Dietary measures have been used in the management of psoriasis as adjunctive therapy with variable efficacy. Weight loss in patients with psoriasis improves disease control and better treatment response. Dietary modification is commonly undertaken by psoriasis patients in the hope of improved response. Various types of diets have been used in the management of psoriasis and they possibly work by reducing pro-inflammatory cytokines.

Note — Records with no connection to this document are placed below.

lemma virtual_demands_mult_add:
  "n < N \<Longrightarrow> k < K \<Longrightarrow> virtual_demands N K t (n * K + k) = (n + t k) mod N"
  by (simp add: virtual_demands_def mult_add_less_mult)

lemma virtual_demands_in_demand_vectors:
  "N \<ge> 1 \<Longrightarrow> virtual_demands N K t \<in> demand_vectors N (N * K)"
  by (auto simp: demand_vectors_def virtual_demands_def)

lemma virtual_demands_in_demand_type_set:
  assumes "N \<ge> 1" and t: "\<And>j. j < K \<Longrightarrow> t j < N"
  shows "virtual_demands N K t \<in> demand_type_set N (N * K) (\<lambda>_. K)"
proof -
  have "card {v \<in> {..<N * K}. virtual_demands N K t v = i} = K" if i: "i < N" for i
  proof -
    define g where "g k = ((i + N - t k) mod N) * K + k" for k
    have "{v \<in> {..<N * K}. virtual_demands N K t v = i} = g ` {..<K}"
    proof (intro equalityI subsetI)
      fix v assume "v \<in> {v \<in> {..<N * K}. virtual_demands N K t v = i}"
      then have v: "v < N * K" and v_i: "(v div K + t (v mod K)) mod N = i"
        by (auto simp: virtual_demands_def)
      have "K > 0" using v by (cases "K = 0") auto
      then have n: "v div K < N" and k: "v mod K < K"
        using v by (auto simp: less_mult_imp_div_less)
      with v_i have "v div K = (i + N - t (v mod K)) mod N"
        using mod_add_eq_iff_eq_mod_sub[OF t[OF k] n i] by simp
      then have "v = g (v mod K)" unfolding g_def by (metis div_mult_mod_eq)
      with k show "v \<in> g ` {..<K}" by blast
    next
      fix v assume "v \<in> g ` {..<K}"
      then obtain k where k: "k < K" and v: "v = g k" by blast
      have n: "(i + N - t k) mod N < N" using i by simp
      have "virtual_demands N K t v = i"
        unfolding v g_def virtual_demands_mult_add[OF n k]
        using mod_add_eq_iff_eq_mod_sub[OF t[OF k] n i] by simp
      with n k show "v \<in> {v \<in> {..<N * K}. virtual_demands N K t v = i}"
        by (simp add: v g_def mult_add_less_mult)
    qed
    moreover have "inj_on g {..<K}"
      by (rule inj_on_inverseI[where g="\<lambda>v. v mod K"]) (simp add: g_def)
    ultimately show ?thesis by (simp add: card_image)
  qed
  then show ?thesis
    using assms by (simp add: demand_type_set_def virtual_demands_in_demand_vectors)
qed
lemma pair_fansI: "even a \<Longrightarrow> Suc a < k \<Longrightarrow> k < n \<Longrightarrow> {a, Suc a, k} \<in> pair_fans n"
  unfolding pair_fans_def by blast

lemma pair_fans_between:
  assumes "e \<in> pair_fans n" "{u,v,t} \<subseteq> e" "u < v" "t \<noteq> u" "t \<noteq> v"
  shows "u < t \<and> t < v \<longleftrightarrow> even u \<and> v \<noteq> Suc u"
  using assms unfolding pair_fans_def by auto

lemma pair_fans_D1_free: "\<not> contains_copy n (pair_fans n) 4 D1"
proof
  assume "contains_copy n (pair_fans n) 4 D1"
  then obtain u v t w where e: "{u,v,t} \<in> pair_fans n" "{u,v,w} \<in> pair_fans n"
    and o: "opposite u v t w"
    using contains_D1_iff[OF pair_fans_cgh3] by blast
  define a b where "a = min u v" and "b = max u v"
  have ab: "{a, b} = {u, v}" "a < b" and tw: "t \<notin> {a, b}" "w \<notin> {a, b}"
    using opposite_distinct[OF o] by (auto simp: a_def b_def)
  have "{a,b,t} = {u,v,t}" "{a,b,w} = {u,v,w}" using ab(1) by blast+
  with e have "{a,b,t} \<in> pair_fans n" "{a,b,w} \<in> pair_fans n" by simp_all
  then have "a < t \<and> t < b \<longleftrightarrow> even a \<and> b \<noteq> Suc a" "a < w \<and> w < b \<longleftrightarrow> even a \<and> b \<noteq> Suc a"
    using pair_fans_between ab(2) tw by blast+
  moreover have "opposite a b t w" using o opposite_chord_cong[OF ab(1)] by simp
  then have "(a < t \<and> t < b) \<noteq> (a < w \<and> w < b)"
    using ab(2) unfolding opposite_def cyc_def by auto
  ultimately show False by blast
qed

lemma pair_fans_saturated: "saturated n 4 D1 (pair_fans n)"
  unfolding saturated_def
proof (intro conjI ballI pair_fans_cgh3 pair_fans_D1_free)
  fix T assume T: "T \<in> triples n - pair_fans n"
  then have "card T = 3" "T \<subseteq> {..<n}" unfolding triples_def by auto
  then obtain p q r where pqr: "p < q" "q < r" "r < n" and T_eq: "T = {p,q,r}"
    using card_3_sorted by (metis insert_subset lessThan_iff)
  show "contains_copy n (insert T (pair_fans n)) 4 D1"
  proof (cases "even p")
    case False
    then obtain a where a: "p = Suc a" "even a" by (cases p) auto
    have "{a, Suc a, r} \<in> pair_fans n" using a pqr by (intro pair_fansI) auto
    then have "{p, r, a} \<in> insert T (pair_fans n)" using a(1) by (simp add: insert_commute)
    moreover have "{p, q, r} \<in> insert T (pair_fans n)" using T_eq by simp
    moreover have "cyc p q r" "cyc r a p" using pqr a(1) unfolding cyc_def by auto
    ultimately show ?thesis using pqr a(1) by (intro D1_copyI[of p n q r a]) auto
  next
    case True
    have "q \<noteq> Suc p"
    proof
      assume "q = Suc p"
      then have "T \<in> pair_fans n" using True pqr T_eq by (auto intro: pair_fansI)
      with T show False by simp
    qed
    then have "{p, Suc p, q} \<in> pair_fans n" using True pqr by (intro pair_fansI) auto
    then have "{q, p, Suc p} \<in> insert T (pair_fans n)" by (simp add: insert_commute)
    moreover have "{q, r, p} \<in> insert T (pair_fans n)" using T_eq by (simp add: insert_commute)
    moreover have "cyc q r p" "cyc p (Suc p) q" using pqr \<open>q \<noteq> Suc p\<close> unfolding cyc_def by auto
    ultimately show ?thesis using pqr \<open>q \<noteq> Suc p\<close> by (intro D1_copyI[of q n r p "Suc p"]) auto
  qed
qed

lemma pair_fans_Suc:
  "pair_fans (Suc n) = pair_fans n \<union> (\<lambda>a. {a, Suc a, n}) ` {a. even a \<and> Suc a < n}"
  unfolding pair_fans_def by (auto simp: less_Suc_eq)

lemma card_pair_fans: "4 * card (pair_fans n) \<le> n ^ 2"
proof (induction n)
  case 0
  then show ?case by (simp add: pair_fans_def)
next
  case (Suc n)
  have fin: "finite {a. even a \<and> Suc a < n}" by (rule finite_subset[of _ "{..<n}"]) auto
  have "{a. even a \<and> Suc a < n} \<subseteq> (\<lambda>i. 2 * i) ` {..<n div 2}"
  proof
    fix a assume "a \<in> {a. even a \<and> Suc a < n}"
    then have "a = 2 * (a div 2)" "a div 2 < n div 2" by auto
    then show "a \<in> (\<lambda>i. 2 * i) ` {..<n div 2}" by blast
  qed
  then have "card {a. even a \<and> Suc a < n} \<le> card ((\<lambda>i. 2 * i) ` {..<n div 2})"
    by (rule card_mono[rotated]) simp
  also have "\<dots> \<le> n div 2" using card_image_le[of "{..<n div 2}" "\<lambda>i. 2 * i"] by simp
  finally have evens: "card {a. even a \<and> Suc a < n} \<le> n div 2" .
  have "card (pair_fans (Suc n)) \<le>
      card (pair_fans n) + card ((\<lambda>a. {a, Suc a, n}) ` {a. even a \<and> Suc a < n})"
    unfolding pair_fans_Suc by (rule card_Un_le)
  also have "\<dots> \<le> card (pair_fans n) + card {a. even a \<and> Suc a < n}"
    using card_image_le[OF fin] by simp
  also have "\<dots> \<le> card (pair_fans n) + n div 2" using evens by simp
  finally have "card (pair_fans (Suc n)) \<le> card (pair_fans n) + n div 2" .
  with Suc.IH show ?case by (simp add: power2_eq_square)
qed

theorem propositionA6:
  shows "\<exists>C::real. \<forall>\<^sub>F n in sequentially.
    real n ^ 2 / 6 - C * real n \<le> real (sat_cyc n 4 D1) \<and>
    real (sat_cyc n 4 D1) \<le> real n ^ 2 / 4 + C * real n"
proof (intro exI[of _ 1] always_eventually allI conjI)
  fix n :: nat
  obtain H where H: "saturated n 4 D1 H" "sat_cyc n 4 D1 = card H"
    using sat_cyc_attained[OF pair_fans_saturated] by blast
  have "real (n * n) \<le> real (6 * card H + 2 * n)"
    using saturated_D1_card_lower[OF H(1)] by (rule of_nat_mono)
  then show "real n ^ 2 / 6 - 1 * real n \<le> real (sat_cyc n 4 D1)"
    unfolding H(2) by (simp add: power2_eq_square)
  have "real (4 * sat_cyc n 4 D1) \<le> real (n ^ 2)"
    using sat_cyc_le[OF pair_fans_saturated, of n] card_pair_fans[of n] by (intro of_nat_mono) linarith
  then show "real (sat_cyc n 4 D1) \<le> real n ^ 2 / 4 + 1 * real n" by simp
qed

end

Ketogenic diet is a high fat, adequate protein and low carbohydrate diet. A case report described restoration of treatment response to adalimumab after four weeks of a very-low calorie ketogenic diet (VLCKD).⁷¹ An open label clinical trial involving this diet as induction (four weeks) followed by a hypocaloric, balanced Mediterranean-like diet (six weeks) showed PASI 50 and PASI 75 in 36 (97%) and 24 (64.9%) patients, respectively, at ten weeks.⁷² Mediterranean diet contains a high amount of fruits, vegetables, cereals and olive oil with a restriction on consumption of dairy products, red meat and alcohol except wine. There is no causal relationship between this diet and the severity of psoriasis, but studies have found an association of severe psoriasis, psoriatic arthritis and cardiovascular risk factors with poor adherence to the Mediterranean diet.^73,74

Celiac disease is more common in patients with psoriasis and elevated antigliadin anti IgA antibody is seen in psoriasis patients even in the absence of celiac disease.^75,76 A gluten free diet resulted in improvement in psoriasis, even in those without celiac disease. The presence of antigliadin antibody may act as a prognostic marker for response to gluten free diet.⁷⁷

Intermittent fasting (IF) is a type of eating pattern in which there is no consumption of food for a fixed duration. The most common type of IF is 16:8 in which fasting time is 16 h and feeding time, eight hours. This fasting time may be extended. There is some evidence to suggest that IF improves metabolic parameters and longevity and reduces the incidence of obesity and cancer.⁷⁸ The data regarding the effectiveness of IF on improvement in psoriasis are limited; one study showed beneficial effects of Ramadan fasting on psoriasis.⁷⁹

The adverse effect and place in the management of various treatment modalities are discussed in Table 2 and level of evidence for various modalities is tabulated in Table 3.

Conclusion

To sum up, though newer anti-psoriatic drugs are being developed, evaluated and incorporated into clinical practice on a regular basis, there is a sub-set of patients in whom we need to look beyond biologics or the conventional first-line systemic agents. The unconventional therapeutic strategies that we have discussed here are less well-known in the treatment of psoriasis. Many of them can complement the first-line agents or can replace them when the patients do not tolerate or respond to conventional agents or cannot afford them. The current evidence for their use in psoriasis as well as the strengths and weaknesses of such therapies have been highlighted to help the clinician make an informed choice.